### Problem to solve
Your task is to print the listing exactly as it stands.

### Data extract
(* Let $\mathbb{T}$ be a time scale, $T>0$ with $0,T\in\mathbb{T}$, $J=[0,T]_{\mathbb{T}}$, $0<t_1<\dots<t_p<T$ right-dense points of $J$, $\lambda\in\mathbb{R}$, $h\in L^2_\Delta([0,T)_{\mathbb{T}})$ and $d_1,\dots,d_p\in\mathbb{R}$. Define $\varphi:H^1_{0,\Delta}(J)\to\mathbb{R}$ by $$\varphi(v)=\frac12\int_0^T (v^\Delta)^2\Delta t+\frac{\lambda}{2}\int_0^T (v^\sigma)^2\Delta t-\int_0^T h v^\sigma\Delta t+\sum_{j=1}^p d_j v(t_j).$$ Then: (1) $\varphi$ is differentiable at every $u\in H^1_{0,\Delta}(J)$ and for all $v\in H^1_{0,\Delta}(J)$, $$(\varphi'(u),v)=\int_0^T u^\Delta v^\Delta\Delta t+\lambda\int_0^T u^\sigma v^\sigma\Delta t-\int_0^T h v^\sigma\Delta t+\sum_{j=1}^p d_j v(t_j);$$ (2) if $u\in H^1_{0,\Delta}(J)$ is a critical point of $\varphi$, then $u$ is a weak solution of $$-u^{\Delta\Delta}(t)+\lambda u^\sigma(t)=h(t)\ \ \Delta\text{-a.e. } t\in J^{\kappa^2},\quad u^\Delta(t_j^+)-u^\Delta(t_j^-)=d_j,\ j=1,\dots,p,\quad u(0)=u(T)=0.$$
   Context: $\sigma$ is the forward jump operator and $v^\sigma=v\circ\sigma$; $v^\Delta$ is the delta derivative; $J^{\kappa}$, $J^{\kappa^2}$ denote $J$ with a left-scattered maximum removed once, resp. twice. $H^1_{0,\Delta}(J)$ is the closure in $W^{1,2}_\Delta(J)$ of the continuous functions on $J$ that are delta differentiable on $J^\kappa$ with rd-continuous derivative and vanish at $0,T$, with inner product $(u,v)=\int_0^T u^\Delta v^\Delta\Delta t$. A weak solution of the linear problem is $u\in H^1_{0,\Delta}(J)$ such that $\int_0^T u^\Delta v^\Delta\Delta t+\lambda\int_0^T u^\sigma v^\sigma\Delta t=\int_0^T h v^\sigma\Delta t-\sum_{j=1}^p d_j v(t_j)$ for every $v\in H^1_{0,\Delta}(J)$. *)

theory Defs
  imports "HOL-Analysis.Analysis"
begin

definition time_scale :: "real set \<Rightarrow> bool" where
  "time_scale TS \<longleftrightarrow> closed TS \<and> TS \<noteq> {}"

definition sigma_ts :: "real set \<Rightarrow> real \<Rightarrow> real" where
  "sigma_ts TS t = (if \<exists>s\<in>TS. s > t then Inf {s\<in>TS. s > t} else t)"

definition right_dense :: "real set \<Rightarrow> real \<Rightarrow> bool" where
  "right_dense TS t \<longleftrightarrow> t \<in> TS \<and> sigma_ts TS t = t"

### Reply
(* Let $\mathbb{T}$ be a time scale, $T>0$ with $0,T\in\mathbb{T}$, $J=[0,T]_{\mathbb{T}}$, $0<t_1<\dots<t_p<T$ right-dense points of $J$, $\lambda\in\mathbb{R}$, $h\in L^2_\Delta([0,T)_{\mathbb{T}})$ and $d_1,\dots,d_p\in\mathbb{R}$. Define $\varphi:H^1_{0,\Delta}(J)\to\mathbb{R}$ by $$\varphi(v)=\frac12\int_0^T (v^\Delta)^2\Delta t+\frac{\lambda}{2}\int_0^T (v^\sigma)^2\Delta t-\int_0^T h v^\sigma\Delta t+\sum_{j=1}^p d_j v(t_j).$$ Then: (1) $\varphi$ is differentiable at every $u\in H^1_{0,\Delta}(J)$ and for all $v\in H^1_{0,\Delta}(J)$, $$(\varphi'(u),v)=\int_0^T u^\Delta v^\Delta\Delta t+\lambda\int_0^T u^\sigma v^\sigma\Delta t-\int_0^T h v^\sigma\Delta t+\sum_{j=1}^p d_j v(t_j);$$ (2) if $u\in H^1_{0,\Delta}(J)$ is a critical point of $\varphi$, then $u$ is a weak solution of $$-u^{\Delta\Delta}(t)+\lambda u^\sigma(t)=h(t)\ \ \Delta\text{-a.e. } t\in J^{\kappa^2},\quad u^\Delta(t_j^+)-u^\Delta(t_j^-)=d_j,\ j=1,\dots,p,\quad u(0)=u(T)=0.$$
   Context: $\sigma$ is the forward jump operator and $v^\sigma=v\circ\sigma$; $v^\Delta$ is the delta derivative; $J^{\kappa}$, $J^{\kappa^2}$ denote $J$ with a left-scattered maximum removed once, resp. twice. $H^1_{0,\Delta}(J)$ is the closure in $W^{1,2}_\Delta(J)$ of the continuous functions on $J$ that are delta differentiable on $J^\kappa$ with rd-continuous derivative and vanish at $0,T$, with inner product $(u,v)=\int_0^T u^\Delta v^\Delta\Delta t$. A weak solution of the linear problem is $u\in H^1_{0,\Delta}(J)$ such that $\int_0^T u^\Delta v^\Delta\Delta t+\lambda\int_0^T u^\sigma v^\sigma\Delta t=\int_0^T h v^\sigma\Delta t-\sum_{j=1}^p d_j v(t_j)$ for every $v\in H^1_{0,\Delta}(J)$. *)

theory Defs
  imports "HOL-Analysis.Analysis"
begin

definition time_scale :: "real set \<Rightarrow> bool" where
  "time_scale TS \<longleftrightarrow> closed TS \<and> TS \<noteq> {}"

definition sigma_ts :: "real set \<Rightarrow> real \<Rightarrow> real" where
  "sigma_ts TS t = (if \<exists>s\<in>TS. s > t then Inf {s\<in>TS. s > t} else t)"

definition right_dense :: "real set \<Rightarrow> real \<Rightarrow> bool" where
  "right_dense TS t \<longleftrightarrow> t \<in> TS \<and> sigma_ts TS t = t"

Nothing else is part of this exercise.